O beijo de Cesar e Joui provava isso, bem como o seu próprio com o japonês.

Ainda sentia-se em um leve choque pela cena que presenciou há alguns minutos, não esperava encontrá-los daquele jeito, mas também era incapaz de negar que gostou do que viu. Conseguiu ter um vislumbre do momento antes dos dois se separarem quando entrou no aposento, mas novamente, o tempo agiu de forma peculiar, então aqueles segundos pareceram durar bem mais que isso, o suficiente para notar coisas que até então desconhecia.

Primeiro, o jeito que eles estavam. Cesar estava apoiado contra uma das mesas do laboratório, tendo sua cintura segurada por Joui, que o mantinha preso ali, e ele parecia não fazer resistência para soltar-se do aperto, então, talvez, ele gostasse daquilo. Joui agia de forma ainda mais incomum. Sua postura não era mais tão amável quanto como o conheceu, mas ainda o surpreendia a forma que ele podia parecer tão sério, até intimidador, não esperava que ele também poderia ser possessivo, suspeitou disso quando viu como segurava Cesar no lugar e teve certeza quando ele se aproximou para beijá-lo também.
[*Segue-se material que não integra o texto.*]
lemma dipath_arcs_mono: "dipath_arcs W R P \<Longrightarrow> W \<subseteq> W' \<Longrightarrow> R \<subseteq> R' \<Longrightarrow> dipath_arcs W' R' P"
  unfolding dipath_arcs_iff by blast

lemma dipath_arcs_extend_end:
  assumes "dipath_arcs W R P"
  shows "\<exists>p\<in>W. \<forall>n. n \<notin> W \<longrightarrow> dipath_arcs (insert n W) (insert (p, n) R) (insert (p, n) P)"
proof -
  obtain vs where vs: "vs \<noteq> []" "distinct vs" "set vs \<subseteq> W" "path_arcs vs \<subseteq> R" "P = path_arcs vs"
    using assms unfolding dipath_arcs_iff by blast
  have "dipath_arcs (insert n W) (insert (last vs, n) R) (insert (last vs, n) P)" if "n \<notin> W" for n
    unfolding dipath_arcs_iff using vs that path_arcs_snoc[OF vs(1), of n]
    by (intro exI[of _ "vs @ [n]"]) auto
  moreover have "last vs \<in> W" using vs by auto
  ultimately show ?thesis by blast
qed

lemma dipath_arcs_subdivide:
  assumes P: "dipath_arcs W R P" and ab: "(a, b) \<in> P" and c: "c \<notin> W"
  shows "dipath_arcs (insert c W) (R - {(a, b)} \<union> {(a, c), (c, b)})
    (P - {(a, b)} \<union> {(a, c), (c, b)})"
proof -
  obtain vs where vs: "vs \<noteq> []" "distinct vs" "set vs \<subseteq> W" "path_arcs vs \<subseteq> R" "P = path_arcs vs"
    using P unfolding dipath_arcs_iff by blast
  then obtain xs ys where split: "vs = xs @ a # b # ys" using path_arcs_split ab by metis
  show ?thesis
    unfolding dipath_arcs_iff using vs c path_arcs_subdivide[of xs a b ys c]
    by (intro exI[of _ "xs @ a # c # b # ys"]) (auto simp: split)
qed

lemma dipath_arcs_subdivide_other:
  assumes "dipath_arcs W R P" "(a, b) \<notin> P"
  shows "dipath_arcs (insert c W) (R - {(a, b)} \<union> {(a, c), (c, b)}) P"
proof -
  have "dipath_arcs W (R - {(a, b)}) P"
    using assms unfolding dipath_arcs_iff by blast
  then show ?thesis by (rule dipath_arcs_mono) auto
qed

section \<open>Representations by arcs of an arborescence\<close>

text \<open>The neighbourhood function \<open>N\<close> is a parameter, so that the representation of
  \<open>G - z\<close> can be stated with the neighbourhoods \<open>N y - {z}\<close> of \<open>G\<close>.\<close>

definition arborescence_representation ::
    "'b set \<Rightarrow> ('b \<times> 'b) set \<Rightarrow> 'b \<Rightarrow> ('a \<Rightarrow> 'b \<times> 'b) \<Rightarrow> 'a set \<Rightarrow> 'a set \<Rightarrow> ('a \<Rightarrow> 'a set) \<Rightarrow> bool" where
  "arborescence_representation W R r \<phi> X Y N \<longleftrightarrow>
     arborescence W R r \<and> bij_betw \<phi> X R \<and> (\<forall>y\<in>Y. dipath_arcs W R (\<phi> ` N y))"

lemma representation_insert_Y:
  assumes rep: "arborescence_representation W R r \<phi> X Y (\<lambda>y. N y - {z})"
    and bipartite: "\<forall>y\<in>insert z Y. N y \<subseteq> X" and z: "z \<notin> X"
    and pendant_or_twin: "(\<exists>q. N z \<subseteq> {q}) \<or> (\<exists>z'\<in>Y. N z' = N z)"
  shows "arborescence_representation W R r \<phi> X (insert z Y) N"
proof -
  have "N y - {z} = N y" if "y \<in> Y" for y using bipartite z that by blast
  then have A: "arborescence W R r" and bij: "bij_betw \<phi> X R"
    and paths: "\<forall>y\<in>Y. dipath_arcs W R (\<phi> ` N y)"
    using rep by (auto simp: arborescence_representation_def)
  have "dipath_arcs W R (\<phi> ` N z)"
    using pendant_or_twin
  proof (elim disjE exE bexE)
    fix q assume q: "N z \<subseteq> {q}"
    show ?thesis
    proof (cases "N z = {}")
      case True
      then show ?thesis
        using A unfolding dipath_arcs_iff by (intro exI[of _ "[r]"]) (simp add: arborescence_def)
    next
      case False
      then have "N z = {q}" "q \<in> X" using q bipartite by auto
      moreover obtain a b where "\<phi> q = (a, b)" by fastforce
      ultimately have "\<phi> ` N z = path_arcs [a, b]" "(a, b) \<in> R"
        using bij_betwE[OF bij] by auto
      moreover have "a \<noteq> b" using arborescence_no_loop[OF A] \<open>(a, b) \<in> R\<close> by blast
      moreover have "a \<in> W" "b \<in> W" using A \<open>(a, b) \<in> R\<close> by (auto simp: arborescence_def)
      ultimately show ?thesis unfolding dipath_arcs_iff by (intro exI[of _ "[a, b]"]) simp
    qed
  next
    fix z' assume "z' \<in> Y" "N z' = N z"
    then show ?thesis using paths by metis
  qed
  then show ?thesis using A bij paths by (simp add: arborescence_representation_def)
qed

lemma representation_add_leaf:
  assumes rep: "arborescence_representation W R r \<phi> X Y (\<lambda>y. N y - {z})"
    and z: "z \<notin> X" and n: "n \<notin> W"
    and pendant: "\<forall>y\<in>Y. z \<in> N y \<longrightarrow> y = q"
  shows "\<exists>R' \<phi>'. arborescence_representation (insert n W) R' r \<phi>' (insert z X) Y N"
proof -
  have A: "arborescence W R r" and bij: "bij_betw \<phi> X R"
    and paths: "\<forall>y\<in>Y. dipath_arcs W R (\<phi> ` (N y - {z}))"
    using rep by (auto simp: arborescence_representation_def)
  obtain p where p: "p \<in> W"
    and q_path: "q \<in> Y \<Longrightarrow>
      dipath_arcs (insert n W) (insert (p, n) R) (insert (p, n) (\<phi> ` (N q - {z})))"
  proof (cases "q \<in> Y")
    case True
    then show ?thesis using that dipath_arcs_extend_end paths n by meson
  next
    case False
    then show ?thesis using that[of r] A by (simp add: arborescence_def)
  qed
  define \<phi>' where "\<phi>' = \<phi>(z := (p, n))"
  have "arborescence (insert n W) (insert (p, n) R) r"
    using arborescence_add_leaf[OF A p n] .
  moreover have "bij_betw \<phi>' (insert z X) (insert (p, n) R)"
    unfolding \<phi>'_def using bij_betw_fun_upd_insert[OF bij z] A n by (auto simp: arborescence_def)
  moreover have "dipath_arcs (insert n W) (insert (p, n) R) (\<phi>' ` N y)" if y: "y \<in> Y" for y
  proof (cases "z \<in> N y")
    case True
    then have "y = q" "\<phi>' ` N y = insert (p, n) (\<phi> ` (N q - {z}))"
      using pendant y by (auto simp: \<phi>'_def image_def)
    then show ?thesis using q_path y by simp
  next
    case False
    then have "\<phi>' ` N y = \<phi> ` (N y - {z})" by (auto simp: \<phi>'_def image_def)
    then show ?thesis using paths y by (auto intro: dipath_arcs_mono)
  qed
  ultimately show ?thesis unfolding arborescence_representation_def by blast
qed

lemma representation_subdivide:
  assumes rep: "arborescence_representation W R r \<phi> X Y (\<lambda>y. N y - {z})"
    and z: "z \<notin> X" and z': "z' \<in> X" and c: "c \<notin> W"
    and bipartite: "\<forall>y\<in>Y. N y \<subseteq> insert z X"
    and twins: "\<forall>y\<in>Y. z \<in> N y \<longleftrightarrow> z' \<in> N y"
  shows "\<exists>R' \<phi>'. arborescence_representation (insert c W) R' r \<phi>' (insert z X) Y N"
proof -
  have A: "arborescence W R r" and bij: "bij_betw \<phi> X R"
    and paths: "\<forall>y\<in>Y. dipath_arcs W R (\<phi> ` (N y - {z}))"
    using rep by (auto simp: arborescence_representation_def)
  obtain a b where ab: "\<phi> z' = (a, b)" by fastforce
  have abR: "(a, b) \<in> R" using bij_betwE[OF bij] z' ab by force
  have new: "(a, c) \<notin> R" "(c, b) \<notin> R" "(a, c) \<noteq> (c, b)"
    using A abR c by (auto simp: arborescence_def)
  define R' where "R' = R - {(a, b)} \<union> {(a, c), (c, b)}"
  define \<psi> where "\<psi> = \<phi>(z' := (a, c), z := (c, b))"
  have "arborescence (insert c W) R' r"
    unfolding R'_def using arborescence_subdivide[OF A abR c] .
  moreover have "bij_betw \<psi> (insert z X) R'"
    using bij_betw_fun_upd_split[OF bij z' z new] ab by (simp add: \<psi>_def R'_def)
  moreover have "dipath_arcs (insert c W) R' (\<psi> ` N y)" if y: "y \<in> Y" for y
  proof -
    have NX: "N y - {z} \<subseteq> X" using bipartite y by blast
    have inj: "inj_on \<phi> X" using bij by (simp add: bij_betw_def)
    show ?thesis
    proof (cases "z' \<in> N y")
      case True
      have zz': "z \<noteq> z'" using z z' by blast
      define M where "M = N y - {z} - {z'}"
      have "N y = insert z (insert z' M)" using True twins y by (auto simp: M_def)
      moreover have "\<psi> z = (c, b)" "\<psi> z' = (a, c)" using zz' by (simp_all add: \<psi>_def)
      ultimately have "\<psi> ` N y = insert (c, b) (insert (a, c) (\<psi> ` M))" by simp
      also have "\<psi> ` M = \<phi> ` M" by (rule image_cong) (auto simp: \<psi>_def M_def)
      also have "\<phi> ` M = \<phi> ` (N y - {z}) - {(a, b)}"
        using inj_on_image_set_diff[OF inj, of "N y - {z}" "{z'}"] NX z' ab by (auto simp: M_def)
      finally have "\<psi> ` N y = \<phi> ` (N y - {z}) - {(a, b)} \<union> {(a, c), (c, b)}" by auto
      moreover have "(a, b) \<in> \<phi> ` (N y - {z})" using True z z' ab by force
      ultimately show ?thesis
        using dipath_arcs_subdivide[of W R _ a b c] paths y c by (simp add: R'_def)
    next
      case False
      then have "\<psi> ` N y = \<phi> ` (N y - {z})" using twins y by (auto simp: \<psi>_def image_def)
      moreover have "(a, b) \<notin> \<phi> ` (N y - {z})"
      proof
        assume "(a, b) \<in> \<phi> ` (N y - {z})"
        then obtain w where "w \<in> N y - {z}" "\<phi> w = \<phi> z'" using ab by (metis imageE)
        then show False using inj_onD[OF inj] NX z' False by blast
      qed
      ultimately show ?thesis
        using dipath_arcs_subdivide_other[of W R _ a b c] paths y by (simp add: R'_def)
    qed
  qed
  ultimately show ?thesis unfolding arborescence_representation_def by blast
qed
O beijo de Joui tinha um toque de gentileza ao mesmo tempo que beirava ao feroz, uma mistura de amor com urgência que juntas criavam o fim de uma espera longa, ao menos para Arthur. Um desejo no fundo de sua alma sempre esteve presente desde que o conheceu, e aguardou pacientemente para realizá-lo. Agora que finalmente o tinha, restava apenas mais um, mas ele cobraria mais tarde.

Olhou brevemente para Joui atrás de si enquanto caminhava. Se de fato era um homem possessivo como suspeitava, seria interessante quando ele soubesse que Arthur também era.

Não sentia vergonha nenhuma por admitir isso para si mesmo.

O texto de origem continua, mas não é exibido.